Brief:
Return the lines of the data below in which the string "rtree" occurs.

----------------

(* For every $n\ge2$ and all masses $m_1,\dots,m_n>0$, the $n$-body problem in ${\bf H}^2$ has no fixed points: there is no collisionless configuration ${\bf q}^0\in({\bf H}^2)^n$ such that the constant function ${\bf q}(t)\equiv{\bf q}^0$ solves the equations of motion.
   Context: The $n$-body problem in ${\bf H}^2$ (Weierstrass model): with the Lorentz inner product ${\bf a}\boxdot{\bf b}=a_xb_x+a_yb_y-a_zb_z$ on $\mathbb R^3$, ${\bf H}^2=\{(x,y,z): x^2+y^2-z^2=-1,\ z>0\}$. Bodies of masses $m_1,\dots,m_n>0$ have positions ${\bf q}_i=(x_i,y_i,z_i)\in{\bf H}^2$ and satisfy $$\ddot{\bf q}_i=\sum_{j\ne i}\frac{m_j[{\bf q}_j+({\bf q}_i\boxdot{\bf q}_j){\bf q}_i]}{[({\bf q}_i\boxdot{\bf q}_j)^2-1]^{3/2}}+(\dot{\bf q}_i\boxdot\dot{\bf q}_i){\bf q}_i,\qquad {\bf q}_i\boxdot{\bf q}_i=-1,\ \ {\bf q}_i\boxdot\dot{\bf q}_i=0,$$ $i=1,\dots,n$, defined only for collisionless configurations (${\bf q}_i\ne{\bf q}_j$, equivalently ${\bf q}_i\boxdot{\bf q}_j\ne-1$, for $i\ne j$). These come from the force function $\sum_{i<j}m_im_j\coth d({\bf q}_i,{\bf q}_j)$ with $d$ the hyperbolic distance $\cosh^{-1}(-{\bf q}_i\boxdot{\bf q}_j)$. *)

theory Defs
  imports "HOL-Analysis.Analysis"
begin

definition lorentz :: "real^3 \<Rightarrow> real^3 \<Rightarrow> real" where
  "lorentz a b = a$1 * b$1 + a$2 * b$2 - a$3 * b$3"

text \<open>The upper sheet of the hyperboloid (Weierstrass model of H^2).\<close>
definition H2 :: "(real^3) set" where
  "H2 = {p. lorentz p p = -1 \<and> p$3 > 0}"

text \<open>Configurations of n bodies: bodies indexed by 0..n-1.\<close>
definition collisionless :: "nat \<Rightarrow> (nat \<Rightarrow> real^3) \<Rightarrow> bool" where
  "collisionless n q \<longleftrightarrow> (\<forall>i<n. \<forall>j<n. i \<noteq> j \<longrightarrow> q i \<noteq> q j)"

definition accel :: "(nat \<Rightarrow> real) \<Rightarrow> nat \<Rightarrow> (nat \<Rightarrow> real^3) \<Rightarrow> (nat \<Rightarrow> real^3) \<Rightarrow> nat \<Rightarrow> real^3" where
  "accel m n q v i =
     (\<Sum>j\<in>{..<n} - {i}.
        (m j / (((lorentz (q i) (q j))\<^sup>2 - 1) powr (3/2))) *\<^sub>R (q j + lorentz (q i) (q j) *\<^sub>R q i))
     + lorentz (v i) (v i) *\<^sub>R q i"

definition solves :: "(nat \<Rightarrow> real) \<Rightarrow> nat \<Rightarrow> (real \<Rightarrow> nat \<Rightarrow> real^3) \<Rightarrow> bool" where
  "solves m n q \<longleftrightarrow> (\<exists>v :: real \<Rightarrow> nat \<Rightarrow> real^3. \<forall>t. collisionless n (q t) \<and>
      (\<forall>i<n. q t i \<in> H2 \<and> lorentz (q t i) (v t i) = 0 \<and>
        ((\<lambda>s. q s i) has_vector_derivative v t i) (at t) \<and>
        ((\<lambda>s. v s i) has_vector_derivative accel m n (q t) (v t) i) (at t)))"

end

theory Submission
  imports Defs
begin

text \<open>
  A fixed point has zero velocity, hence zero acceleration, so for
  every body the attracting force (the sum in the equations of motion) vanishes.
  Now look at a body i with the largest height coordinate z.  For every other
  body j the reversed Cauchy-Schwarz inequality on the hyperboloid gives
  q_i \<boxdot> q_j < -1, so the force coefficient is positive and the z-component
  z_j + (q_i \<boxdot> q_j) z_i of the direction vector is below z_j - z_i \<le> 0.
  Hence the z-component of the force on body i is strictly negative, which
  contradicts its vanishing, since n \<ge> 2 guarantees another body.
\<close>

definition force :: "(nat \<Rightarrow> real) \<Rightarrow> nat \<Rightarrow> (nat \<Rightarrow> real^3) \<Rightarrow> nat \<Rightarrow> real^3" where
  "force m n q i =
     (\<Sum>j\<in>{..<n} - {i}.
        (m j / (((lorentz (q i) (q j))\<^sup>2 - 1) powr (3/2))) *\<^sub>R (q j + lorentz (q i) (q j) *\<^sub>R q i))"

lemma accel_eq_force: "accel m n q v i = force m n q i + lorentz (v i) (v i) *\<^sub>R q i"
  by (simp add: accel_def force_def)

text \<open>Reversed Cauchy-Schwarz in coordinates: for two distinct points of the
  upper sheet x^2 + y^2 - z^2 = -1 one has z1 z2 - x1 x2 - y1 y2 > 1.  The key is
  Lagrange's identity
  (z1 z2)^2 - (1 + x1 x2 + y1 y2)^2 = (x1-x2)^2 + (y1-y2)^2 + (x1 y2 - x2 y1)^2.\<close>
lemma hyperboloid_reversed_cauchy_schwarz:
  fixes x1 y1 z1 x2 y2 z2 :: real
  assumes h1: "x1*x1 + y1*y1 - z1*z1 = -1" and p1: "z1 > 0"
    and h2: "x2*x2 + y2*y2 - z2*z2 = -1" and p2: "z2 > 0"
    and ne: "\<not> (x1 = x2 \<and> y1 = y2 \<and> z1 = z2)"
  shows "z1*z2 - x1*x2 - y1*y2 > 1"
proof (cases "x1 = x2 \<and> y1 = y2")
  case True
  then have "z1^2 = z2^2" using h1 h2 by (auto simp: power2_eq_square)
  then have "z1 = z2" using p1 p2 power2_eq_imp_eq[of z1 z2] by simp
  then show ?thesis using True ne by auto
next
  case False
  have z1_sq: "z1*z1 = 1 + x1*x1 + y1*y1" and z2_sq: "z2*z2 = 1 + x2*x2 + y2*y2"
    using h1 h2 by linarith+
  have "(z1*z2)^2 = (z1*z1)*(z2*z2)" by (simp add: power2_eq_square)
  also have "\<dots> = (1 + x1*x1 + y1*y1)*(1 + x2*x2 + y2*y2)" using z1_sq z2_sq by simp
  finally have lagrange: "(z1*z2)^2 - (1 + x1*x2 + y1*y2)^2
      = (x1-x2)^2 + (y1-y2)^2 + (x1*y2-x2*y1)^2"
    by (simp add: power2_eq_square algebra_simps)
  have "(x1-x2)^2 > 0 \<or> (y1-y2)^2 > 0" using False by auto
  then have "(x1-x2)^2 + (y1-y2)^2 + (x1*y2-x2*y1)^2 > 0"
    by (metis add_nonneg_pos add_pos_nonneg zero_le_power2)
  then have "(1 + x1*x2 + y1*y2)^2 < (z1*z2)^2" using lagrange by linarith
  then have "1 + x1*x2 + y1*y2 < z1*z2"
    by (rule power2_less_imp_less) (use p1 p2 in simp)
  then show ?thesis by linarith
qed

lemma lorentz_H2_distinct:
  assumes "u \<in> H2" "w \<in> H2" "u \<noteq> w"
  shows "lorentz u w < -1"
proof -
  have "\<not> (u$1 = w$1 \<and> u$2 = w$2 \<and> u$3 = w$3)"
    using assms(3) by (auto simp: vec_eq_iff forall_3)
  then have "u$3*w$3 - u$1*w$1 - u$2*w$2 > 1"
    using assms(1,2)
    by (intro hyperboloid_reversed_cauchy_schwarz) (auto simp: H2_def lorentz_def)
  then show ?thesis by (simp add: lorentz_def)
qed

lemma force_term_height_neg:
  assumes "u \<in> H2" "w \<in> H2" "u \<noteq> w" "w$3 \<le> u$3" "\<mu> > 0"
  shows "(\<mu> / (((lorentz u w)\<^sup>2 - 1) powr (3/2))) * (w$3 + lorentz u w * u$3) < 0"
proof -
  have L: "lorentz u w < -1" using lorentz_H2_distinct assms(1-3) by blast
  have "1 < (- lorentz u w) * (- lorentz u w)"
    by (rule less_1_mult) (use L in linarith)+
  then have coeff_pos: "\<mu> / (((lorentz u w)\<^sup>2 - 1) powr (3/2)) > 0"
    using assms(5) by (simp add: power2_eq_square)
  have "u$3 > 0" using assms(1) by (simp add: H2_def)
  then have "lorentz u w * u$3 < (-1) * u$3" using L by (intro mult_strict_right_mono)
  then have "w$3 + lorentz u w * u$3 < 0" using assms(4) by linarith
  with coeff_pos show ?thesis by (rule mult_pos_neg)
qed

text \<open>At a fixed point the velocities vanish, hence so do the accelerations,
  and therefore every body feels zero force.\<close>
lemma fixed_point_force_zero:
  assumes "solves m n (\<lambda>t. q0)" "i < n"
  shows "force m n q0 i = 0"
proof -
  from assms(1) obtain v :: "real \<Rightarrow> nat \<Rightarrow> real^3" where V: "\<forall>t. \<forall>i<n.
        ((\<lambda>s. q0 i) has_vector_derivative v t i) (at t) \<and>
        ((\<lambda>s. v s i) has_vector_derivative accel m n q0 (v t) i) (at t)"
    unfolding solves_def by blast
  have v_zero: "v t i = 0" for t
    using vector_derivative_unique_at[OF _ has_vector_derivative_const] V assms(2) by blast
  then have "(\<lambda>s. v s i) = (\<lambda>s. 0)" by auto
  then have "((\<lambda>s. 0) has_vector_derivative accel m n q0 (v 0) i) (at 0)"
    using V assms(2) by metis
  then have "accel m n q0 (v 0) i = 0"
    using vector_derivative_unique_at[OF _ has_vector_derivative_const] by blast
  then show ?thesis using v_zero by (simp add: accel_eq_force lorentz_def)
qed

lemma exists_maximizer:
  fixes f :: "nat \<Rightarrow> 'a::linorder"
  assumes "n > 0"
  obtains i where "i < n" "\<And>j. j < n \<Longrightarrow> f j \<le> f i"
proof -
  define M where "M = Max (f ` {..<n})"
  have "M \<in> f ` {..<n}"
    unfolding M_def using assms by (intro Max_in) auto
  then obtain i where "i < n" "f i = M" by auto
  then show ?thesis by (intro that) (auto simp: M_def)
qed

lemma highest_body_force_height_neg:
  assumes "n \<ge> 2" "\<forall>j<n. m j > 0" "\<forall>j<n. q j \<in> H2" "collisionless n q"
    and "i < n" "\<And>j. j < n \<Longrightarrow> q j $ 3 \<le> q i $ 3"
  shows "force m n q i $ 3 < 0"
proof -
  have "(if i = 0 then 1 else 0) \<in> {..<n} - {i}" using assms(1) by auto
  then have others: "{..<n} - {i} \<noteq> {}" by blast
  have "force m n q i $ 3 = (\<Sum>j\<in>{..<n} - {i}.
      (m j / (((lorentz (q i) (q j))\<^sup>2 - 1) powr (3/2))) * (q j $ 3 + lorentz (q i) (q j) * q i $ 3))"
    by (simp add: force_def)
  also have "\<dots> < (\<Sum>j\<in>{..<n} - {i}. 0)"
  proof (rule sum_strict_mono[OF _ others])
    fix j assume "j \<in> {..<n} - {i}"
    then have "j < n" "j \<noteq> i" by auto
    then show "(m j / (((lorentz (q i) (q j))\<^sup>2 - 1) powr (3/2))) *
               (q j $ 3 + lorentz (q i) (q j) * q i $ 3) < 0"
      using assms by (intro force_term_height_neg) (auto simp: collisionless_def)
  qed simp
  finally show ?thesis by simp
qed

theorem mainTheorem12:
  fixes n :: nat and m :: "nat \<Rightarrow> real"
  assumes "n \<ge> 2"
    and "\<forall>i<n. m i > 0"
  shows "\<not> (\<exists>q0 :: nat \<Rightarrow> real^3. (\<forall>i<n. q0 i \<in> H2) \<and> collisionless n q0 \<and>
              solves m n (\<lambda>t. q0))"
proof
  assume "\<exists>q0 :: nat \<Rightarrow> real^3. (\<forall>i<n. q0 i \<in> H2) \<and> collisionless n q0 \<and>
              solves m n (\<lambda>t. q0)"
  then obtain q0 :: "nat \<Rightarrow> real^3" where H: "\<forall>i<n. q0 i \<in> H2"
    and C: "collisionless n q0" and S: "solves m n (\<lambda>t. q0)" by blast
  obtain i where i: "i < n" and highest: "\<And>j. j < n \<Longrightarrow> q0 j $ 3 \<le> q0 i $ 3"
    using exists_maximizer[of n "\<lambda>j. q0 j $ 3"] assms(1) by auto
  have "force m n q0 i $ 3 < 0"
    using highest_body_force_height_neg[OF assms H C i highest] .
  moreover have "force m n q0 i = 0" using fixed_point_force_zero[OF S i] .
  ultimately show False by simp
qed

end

----------------

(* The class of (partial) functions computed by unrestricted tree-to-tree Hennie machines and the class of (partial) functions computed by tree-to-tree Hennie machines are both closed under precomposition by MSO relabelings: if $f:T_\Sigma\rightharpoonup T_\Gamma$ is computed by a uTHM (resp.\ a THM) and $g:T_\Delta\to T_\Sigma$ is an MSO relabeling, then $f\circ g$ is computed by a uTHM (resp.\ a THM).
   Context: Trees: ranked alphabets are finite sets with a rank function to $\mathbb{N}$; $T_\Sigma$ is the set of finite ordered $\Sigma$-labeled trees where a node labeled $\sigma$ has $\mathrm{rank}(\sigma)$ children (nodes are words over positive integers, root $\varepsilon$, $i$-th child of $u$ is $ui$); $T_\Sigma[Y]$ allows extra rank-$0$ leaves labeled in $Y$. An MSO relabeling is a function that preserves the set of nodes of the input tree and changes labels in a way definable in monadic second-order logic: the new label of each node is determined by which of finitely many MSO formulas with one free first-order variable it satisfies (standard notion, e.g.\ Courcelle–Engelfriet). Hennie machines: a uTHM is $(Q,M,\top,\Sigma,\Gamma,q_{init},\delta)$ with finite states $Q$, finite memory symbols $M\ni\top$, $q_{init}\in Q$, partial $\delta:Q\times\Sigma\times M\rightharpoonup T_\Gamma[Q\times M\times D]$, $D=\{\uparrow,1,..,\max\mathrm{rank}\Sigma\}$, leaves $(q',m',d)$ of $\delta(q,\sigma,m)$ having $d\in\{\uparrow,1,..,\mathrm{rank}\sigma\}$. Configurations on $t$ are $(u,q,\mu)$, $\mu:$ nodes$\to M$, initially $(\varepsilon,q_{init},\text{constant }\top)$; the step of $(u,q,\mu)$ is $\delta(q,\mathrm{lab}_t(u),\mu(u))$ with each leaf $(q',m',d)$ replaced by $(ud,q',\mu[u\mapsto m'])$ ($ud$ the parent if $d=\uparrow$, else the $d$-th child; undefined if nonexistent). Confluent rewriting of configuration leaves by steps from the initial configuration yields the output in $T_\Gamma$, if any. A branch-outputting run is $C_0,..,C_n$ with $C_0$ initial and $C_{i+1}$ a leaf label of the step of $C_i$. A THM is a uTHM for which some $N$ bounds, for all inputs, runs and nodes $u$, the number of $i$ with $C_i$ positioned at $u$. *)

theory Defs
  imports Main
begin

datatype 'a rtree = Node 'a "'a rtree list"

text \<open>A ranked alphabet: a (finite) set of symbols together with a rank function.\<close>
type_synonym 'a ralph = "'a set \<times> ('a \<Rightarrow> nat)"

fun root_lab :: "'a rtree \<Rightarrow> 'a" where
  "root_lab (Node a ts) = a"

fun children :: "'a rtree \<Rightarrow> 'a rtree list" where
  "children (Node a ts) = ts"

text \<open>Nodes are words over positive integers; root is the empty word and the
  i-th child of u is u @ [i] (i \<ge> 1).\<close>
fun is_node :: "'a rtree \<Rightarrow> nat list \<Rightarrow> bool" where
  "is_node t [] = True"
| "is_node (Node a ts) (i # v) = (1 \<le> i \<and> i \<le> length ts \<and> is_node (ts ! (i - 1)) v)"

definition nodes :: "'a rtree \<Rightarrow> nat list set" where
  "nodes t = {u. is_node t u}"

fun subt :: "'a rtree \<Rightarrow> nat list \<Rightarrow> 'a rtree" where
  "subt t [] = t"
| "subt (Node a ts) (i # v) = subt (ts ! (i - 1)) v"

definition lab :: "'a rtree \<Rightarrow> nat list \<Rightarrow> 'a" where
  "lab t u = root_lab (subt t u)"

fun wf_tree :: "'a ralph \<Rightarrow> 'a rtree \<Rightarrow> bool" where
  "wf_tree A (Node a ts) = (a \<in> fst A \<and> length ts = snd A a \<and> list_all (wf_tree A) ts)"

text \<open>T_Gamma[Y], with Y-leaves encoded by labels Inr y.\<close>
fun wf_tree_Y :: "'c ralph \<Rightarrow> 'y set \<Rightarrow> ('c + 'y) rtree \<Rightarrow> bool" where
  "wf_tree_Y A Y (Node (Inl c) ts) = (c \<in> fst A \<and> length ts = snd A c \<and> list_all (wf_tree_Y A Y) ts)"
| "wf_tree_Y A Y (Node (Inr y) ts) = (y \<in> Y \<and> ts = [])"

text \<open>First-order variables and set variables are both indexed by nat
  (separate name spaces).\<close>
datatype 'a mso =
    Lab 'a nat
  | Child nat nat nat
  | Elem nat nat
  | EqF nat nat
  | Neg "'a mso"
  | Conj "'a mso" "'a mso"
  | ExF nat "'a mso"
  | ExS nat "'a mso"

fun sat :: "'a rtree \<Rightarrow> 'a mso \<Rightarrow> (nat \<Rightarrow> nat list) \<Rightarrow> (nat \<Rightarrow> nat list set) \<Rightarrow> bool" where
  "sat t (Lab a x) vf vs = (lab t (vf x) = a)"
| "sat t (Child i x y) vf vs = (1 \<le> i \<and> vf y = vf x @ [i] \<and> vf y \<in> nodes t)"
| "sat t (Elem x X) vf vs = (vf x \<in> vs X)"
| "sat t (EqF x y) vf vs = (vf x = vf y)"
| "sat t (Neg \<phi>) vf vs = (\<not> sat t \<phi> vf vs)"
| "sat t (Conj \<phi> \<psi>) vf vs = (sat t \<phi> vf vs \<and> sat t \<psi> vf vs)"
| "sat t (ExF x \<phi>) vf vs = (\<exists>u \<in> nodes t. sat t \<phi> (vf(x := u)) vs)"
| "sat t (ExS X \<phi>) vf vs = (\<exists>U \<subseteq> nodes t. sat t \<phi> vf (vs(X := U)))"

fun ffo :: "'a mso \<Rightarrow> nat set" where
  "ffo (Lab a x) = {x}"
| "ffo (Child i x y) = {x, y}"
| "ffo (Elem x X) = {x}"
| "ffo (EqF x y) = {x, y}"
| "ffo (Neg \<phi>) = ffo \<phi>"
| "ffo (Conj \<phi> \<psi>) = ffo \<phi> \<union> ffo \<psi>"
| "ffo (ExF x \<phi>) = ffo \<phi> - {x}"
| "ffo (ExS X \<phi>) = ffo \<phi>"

----------------

Task output:
datatype 'a rtree = Node 'a "'a rtree list"
fun root_lab :: "'a rtree \<Rightarrow> 'a" where
fun children :: "'a rtree \<Rightarrow> 'a rtree list" where
fun is_node :: "'a rtree \<Rightarrow> nat list \<Rightarrow> bool" where
definition nodes :: "'a rtree \<Rightarrow> nat list set" where
fun subt :: "'a rtree \<Rightarrow> nat list \<Rightarrow> 'a rtree" where
definition lab :: "'a rtree \<Rightarrow> nat list \<Rightarrow> 'a" where
fun wf_tree :: "'a ralph \<Rightarrow> 'a rtree \<Rightarrow> bool" where
fun wf_tree_Y :: "'c ralph \<Rightarrow> 'y set \<Rightarrow> ('c + 'y) rtree \<Rightarrow> bool" where
fun sat :: "'a rtree \<Rightarrow> 'a mso \<Rightarrow> (nat \<Rightarrow> nat list) \<Rightarrow> (nat \<Rightarrow> nat list set) \<Rightarrow> bool" where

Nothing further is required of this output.